ここまで会話をして笑ったのはいつの日以来だろうか?次第に話をすることが楽しくなり、疲れもそれに反比例するかのように薄れていく。夜の車内に二人の笑い声が響き渡った。
「間もなく終点 奏橋です。降り口は右側5番線に到着します。車内にお忘れ物のございませんようにお気をつけ下さい」
話のネタが尽きかけた頃。そんな丁度良いタイミングで車内アナウンスが流れる。そろそろこの楽しい時間ももうおしまいのようだった。列車は緩やかにスピードを落とし始める。
終着駅 奏橋。そこは自分の県の端にある田舎街であり、この路線の優等列車発着駅でもある。またそれより以東は普通列車しか走っていない。新幹線は停まるには停まるが、精々こだまが一時間に二本、ひかりが二時間に一本といったところか。
列車は蜘蛛の巣の如く構内に張り巡らされたポイントを渡り、奏橋駅の5番線に静かに滑り込む。しばらく停車位置の調整の為にゆっくりとホーム内を進むが、最後には甲高いブレーキを掛けて止まった。止まったときの慣性で車内は少し揺れる。
そしてドアが一斉に開かれた。暖房が効いた車内にいたせいで外からの風が寒く感じる。しかしもう降りなくてはいけない。
「私達も降りましょう」
俺は自分の荷物を纏めると席を立ち上がり、近くのドアからホームの上に降り立つ。外の空気に触れると神経が研ぎ澄まされていく。眠気や疲れが一時的に消える。少女も同じく自分の後に続いて列車を降りた。
奏橋駅はホームが8つ存在するが、今は乗ってきた列車以外車両はなく、殺風景な光景だった。8番線よりも外にある電車区には灯りを落とした車両が静かに眠っている。
「なんか名残惜しいですね……」
少女はホームの上で持っていた学生鞄を両手で前に下げながら、どこか寂しそうに言った。さっきまでの明るい表情からは一変して暗くなる。それは同時に自分との会話が楽しかったという証拠でもあった。

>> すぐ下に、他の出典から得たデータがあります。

(* Let $r\ge 2$ and $m\ge 7$ be integers. Then for every integer $n\ge m-1$, $$F_{n+2^{m-6},r}\equiv F_{n,r}\pmod{2^m},$$ i.e. from the term of index $m-1$ onward the sequence $(F_{n,r}\bmod 2^m)_{n\ge0}$ is periodic with period $2^{m-6}$.
   Context: For positive integers $r\le m\le n$, $S_r(n,m)$ denotes the $r$-Stirling number of the second kind: the number of partitions of $\{1,\dots,n\}$ into $m$ non-empty blocks such that $1,\dots,r$ lie in pairwise distinct blocks. For a positive integer $r$ and integer $n\ge 0$, the $r$-Fubini number is $F_{n,r}=\sum_{k=0}^{n}(k+r)!\,S_r(n+r,k+r)$. *)

theory Defs
  imports Main "HOL-Library.Disjoint_Sets"
begin

definition r_stirling :: "nat \<Rightarrow> nat \<Rightarrow> nat \<Rightarrow> nat" where
  "r_stirling r n m = card {P. partition_on {1..n} P \<and> card P = m \<and>
     (\<forall>B\<in>P. \<forall>i\<in>{1..r}. \<forall>j\<in>{1..r}. i \<in> B \<and> j \<in> B \<longrightarrow> i = j)}"

definition r_fubini :: "nat \<Rightarrow> nat \<Rightarrow> nat" where
  "r_fubini n r = (\<Sum>k=0..n. fact (k + r) * r_stirling r (n + r) (k + r))"

end

theory Submission
  imports Defs "HOL-Number_Theory.Cong"
begin

(* Let f(x) = x^n (x)_r, with (x)_r the falling factorial. The r-Stirling recurrence gives
   x^n (x)_r = sum_j S_r(n+r, j) (x)_j, hence F_{n,r} = sum_k (Delta^k f)(0). Writing
   f = (1 + Delta) g with g(x) = f(x - 1) turns this sum into 2 sum_k (Delta^k g)(0) - f(-1);
   iterating m times gives F_{n,r} = - sum_{k=1..m} 2^(k-1) (-k)^n (-k)_r (mod 2^m).
   Replacing n by n + 2^(m-6) changes each summand by a multiple of 2^m: for even k the factor
   (-k)^n with n >= m - 1 and the even factor (-k)_r supply it; for odd k, 2^(m-7) (k^2 - 1)
   divides k^(2^(m-6)) - 1 and k + 1 divides (-k)_r, which together with the weight 2^(k-1)
   suffices. *)

section \<open>Forward differences of falling factorials\<close>

definition fwd_diff :: "(int \<Rightarrow> int) \<Rightarrow> int \<Rightarrow> int" where
  "fwd_diff f = (\<lambda>x. f (x + 1) - f x)"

「楽しい時間は早く過ぎるものだよ。ほら、そろそろ改札を出ないと駅員に怒られるぞ」
しかし、少女はゆっくりと首を横に振った。
「私は出ることは出来ません」
悲しげな顔をして断言する。青い瞳は真剣そうに。冷たい風がホームに吹き彼女の長い黒髪がカーテンのように靡いた。
「でも、この先列車はないんですよ」
先述の通り、今まで乗ってきた列車は最終列車だ。そしてここが終着駅とあってこの先の列車などもうない。彼女は何を考えているのだろう?
「あります。このホームの反対側に」
彼女は横に顔を向けて左手で乗ってきた列車のホームとは反対のホーム、すなわち何も存在しない6番線を指した。俺はまさかと思いながらも示された方向に視線を移す。そして目の前に映る光景に驚愕した。
「っ!!」
さっきまでは何も停まっていなかった6番線には、いつの間にか列車が出現していた。何のアナウンスもなく、車両が線路の上を走る音すら立てずに。車内は真っ暗のまま、二つしかないドアを全開にして。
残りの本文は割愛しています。